▶ **Given information**:
(* For every $n\ge 0$, let $K_n$ be any virtual knot diagram whose arrow diagram is ${\mathcal A}_n$. Then in the quandle of $K_n$ all generators are equal, so the quandle is generated by a single element, and the fundamental group of $K_n$ (defined via the Wirtinger-type presentation) is infinite cyclic, i.e. isomorphic to that of the unknot.
   Context: A virtual knot diagram is a generic immersion of an oriented circle in the plane in which each double point is a real crossing (with over/under information) or a virtual crossing. Its arrow diagram is the counterclockwise-oriented parametrizing circle with one arrow per real crossing joining its two preimages, pointing from the overcrossing preimage to the undercrossing preimage; an endpoint has sign $+$ if, viewing its strand in the direction of orientation, the other strand passes from right to left, and $-$ otherwise. The arrow diagram ${\mathcal A}_n$ ($n\ge0$) has arrows $x,y_1,\dots,y_n$ with endpoints in counterclockwise order $X^+,Y_1^+,\dots,Y_n^+,X^-,Y_n^-,\dots,Y_1^-$; $x$ points from $X^+$ to $X^-$; $y_j$ points from $Y_j^-$ to $Y_j^+$ if $n-j$ is even and from $Y_j^+$ to $Y_j^-$ if $n-j$ is odd. Quandle of a diagram: one generator per bridge arc (arc running between undercrossings at real crossings; labels pass unchanged through virtual crossings), and at each real crossing with overcrossing label $a$, incoming undercrossing label $b$, the outgoing undercrossing label is $c=b\triangleright a$ or $c=b\triangleleft a$ depending on the crossing sign, in the free quandle (a quandle satisfies $a\triangleright a=a\triangleleft a=a$, $(a\triangleleft b)\triangleright b=a=(a\triangleright b)\triangleleft b$, unique solvability, and self-distributivity). The fundamental group is the group with one generator per bridge arc and, at each real crossing, the relation $c=a^{\epsilon}ba^{-\epsilon}$ with $\epsilon=\pm1$ the crossing sign. *)

theory Defs
  imports "HOL-Algebra.Elementary_Groups"
begin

▶ **What you will do**:
Transcribe all the material exactly.

▶ **Response below**:
(* For every $n\ge 0$, let $K_n$ be any virtual knot diagram whose arrow diagram is ${\mathcal A}_n$. Then in the quandle of $K_n$ all generators are equal, so the quandle is generated by a single element, and the fundamental group of $K_n$ (defined via the Wirtinger-type presentation) is infinite cyclic, i.e. isomorphic to that of the unknot.
   Context: A virtual knot diagram is a generic immersion of an oriented circle in the plane in which each double point is a real crossing (with over/under information) or a virtual crossing. Its arrow diagram is the counterclockwise-oriented parametrizing circle with one arrow per real crossing joining its two preimages, pointing from the overcrossing preimage to the undercrossing preimage; an endpoint has sign $+$ if, viewing its strand in the direction of orientation, the other strand passes from right to left, and $-$ otherwise. The arrow diagram ${\mathcal A}_n$ ($n\ge0$) has arrows $x,y_1,\dots,y_n$ with endpoints in counterclockwise order $X^+,Y_1^+,\dots,Y_n^+,X^-,Y_n^-,\dots,Y_1^-$; $x$ points from $X^+$ to $X^-$; $y_j$ points from $Y_j^-$ to $Y_j^+$ if $n-j$ is even and from $Y_j^+$ to $Y_j^-$ if $n-j$ is odd. Quandle of a diagram: one generator per bridge arc (arc running between undercrossings at real crossings; labels pass unchanged through virtual crossings), and at each real crossing with overcrossing label $a$, incoming undercrossing label $b$, the outgoing undercrossing label is $c=b\triangleright a$ or $c=b\triangleleft a$ depending on the crossing sign, in the free quandle (a quandle satisfies $a\triangleright a=a\triangleleft a=a$, $(a\triangleleft b)\triangleright b=a=(a\triangleright b)\triangleleft b$, unique solvability, and self-distributivity). The fundamental group is the group with one generator per bridge arc and, at each real crossing, the relation $c=a^{\epsilon}ba^{-\epsilon}$ with $\epsilon=\pm1$ the crossing sign. *)

theory Defs
  imports "HOL-Algebra.Elementary_Groups"
begin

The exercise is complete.